Noting that a majority of graduates who enter private legal practice work for law firms with fewer than 500 attorneys, Stombock emphasizes the importance of engaging students with a wide range of alumni and faculty in order to identify career opportunities. 

6. Support faculty in key subjects 

In addition to initiatives to provide direct financial benefits for students, Dean Bobinski notes that the campaign also will focus on faculty support. 

Stombock says potential students often make law school decisions based upon faculty in their areas of interest, and the quality of faculty is a crucial part of the student experience once they get to Emory Law. 

Stombock cites the recent hiring of Darren Lenard Hutchinson as the inaugural John Lewis Chair for Civil Rights and Social Justice and establishment of the new Center for Civil Rights and Social Justice as examples of how philanthropic investments can build programs of strategic importance to the school. These initiatives grew from years of conversation within the school and across the university and engagement with key donors that culminated with the landmark gift from Southern Company Foundation, other donors, and alumni. 

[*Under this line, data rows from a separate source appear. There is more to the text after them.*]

lemma strict_mono_deriv_imp_unimodal:
  fixes G G' L :: "real \<Rightarrow> real"
  assumes G: "\<And>u. (G has_real_derivative G' u) (at u)"
    and G'_mono: "\<And>u v. u < v \<Longrightarrow> G' u < G' v"
    and L_mono: "strict_mono_on {0<..<1} L"
    and L_surj: "\<And>u. \<exists>q\<in>{0<..<1}. L q = u"
  shows "\<exists>m\<in>{0..1}.
           (\<forall>a b. 0 < a \<and> a < b \<and> b \<le> m \<and> b < 1 \<longrightarrow> G (L b) < G (L a)) \<and>
           (\<forall>a b. 0 < a \<and> m \<le> a \<and> a < b \<and> b < 1 \<longrightarrow> G (L a) < G (L b))"
proof -
  have L_less: "L q < L r \<longleftrightarrow> q < r" if "q \<in> {0<..<1}" "r \<in> {0<..<1}" for q r
    using strict_mono_on_less[OF L_mono that] .
  have "strict_mono_on {0<..<1} (\<lambda>q. G' (L q))"
    by (intro strict_mono_onI G'_mono) (simp add: L_less)
  then obtain m where "m \<in> {0..1}"
    and slope_neg: "\<And>q. q \<in> {0<..<1} \<Longrightarrow> q < m \<Longrightarrow> G' (L q) < 0"
    and slope_nonneg: "\<And>q. q \<in> {0<..<1} \<Longrightarrow> m < q \<Longrightarrow> 0 \<le> G' (L q)"
    using strict_mono_on_sign_change by blast
  have G_cont: "continuous_on S G" for S
    using G by (meson DERIV_isCont continuous_at_imp_continuous_on)
  show ?thesis
  proof (intro bexI[OF _ \<open>m \<in> {0..1}\<close>] conjI allI impI)
    fix a b assume ab: "0 < a \<and> a < b \<and> b \<le> m \<and> b < 1"
    show "G (L b) < G (L a)"
    proof (rule DERIV_neg_imp_decreasing_open[OF _ _ G_cont])
      show "L a < L b" using ab by (simp add: L_less)
      fix x assume x: "L a < x" "x < L b"
      obtain q where q: "q \<in> {0<..<1}" "L q = x" using L_surj by blast
      with x ab have "q < b" using L_less[of q b] by auto
      with q ab show "\<exists>y. (G has_real_derivative y) (at x) \<and> y < 0"
        using G slope_neg by fastforce
    qed
  next
    fix a b assume ab: "0 < a \<and> m \<le> a \<and> a < b \<and> b < 1"
    show "G (L a) < G (L b)"
    proof (rule DERIV_pos_imp_increasing_open[OF _ _ G_cont])
      show "L a < L b" using ab by (simp add: L_less)
      fix x assume x: "L a < x" "x < L b"
      obtain q where q: "q \<in> {0<..<1}" "L q = x" using L_surj by blast
      with x ab have "a < q" using L_less[of a q] by auto
      define r where "r = (a + q) / 2"
      have r: "r \<in> {0<..<1}" "m < r" "r < q" using \<open>a < q\<close> q ab by (auto simp: r_def)
      then have "G' (L r) < G' x"
        using q L_less[of r q] by (intro G'_mono) auto
      with slope_nonneg[OF r(1,2)] show "\<exists>y. (G has_real_derivative y) (at x) \<and> 0 < y"
        using G by fastforce
    qed
  qed
qed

With the upcoming capital campaign, Emory Law hopes to raise funds for professorships and chairs in subjects including health law, biomedical innovation, and corporate law as well as corporate law with a focus on innovation, litigation, intellectual property, and constitutional law. According to Bobinski, the proposed new professorships will draw upon Emory Law’s leadership and reputation in these areas. For example, she notes that programs in health care and biomedical innovation “tak[e] advantage of Emory University’s national and global profile in health” to focus on issues that are very important both from a legal standpoint and economically.  

7. Invest in the future 

“My vision overall would be that we would have sufficient endowment to be able to sustain and grow” new and current programs, says Sheffey of the fundraising effort. For example, Emory Law has volunteer clinics serving veterans and immigrants. “I would love to institutionalize them and expand the services they offer through converting them to academic credit clinics,” Sheffey says. 

“The quality of educational experience here is unparalleled,” remarks Dean Bobinski. For alumni who saw their experience at Emory Law as pivotal both professionally and personally, she says the capital campaign is about “giving back and making these things possible for current and future students.” 

“Now is the time to invest in the future of the school,” Stombock says.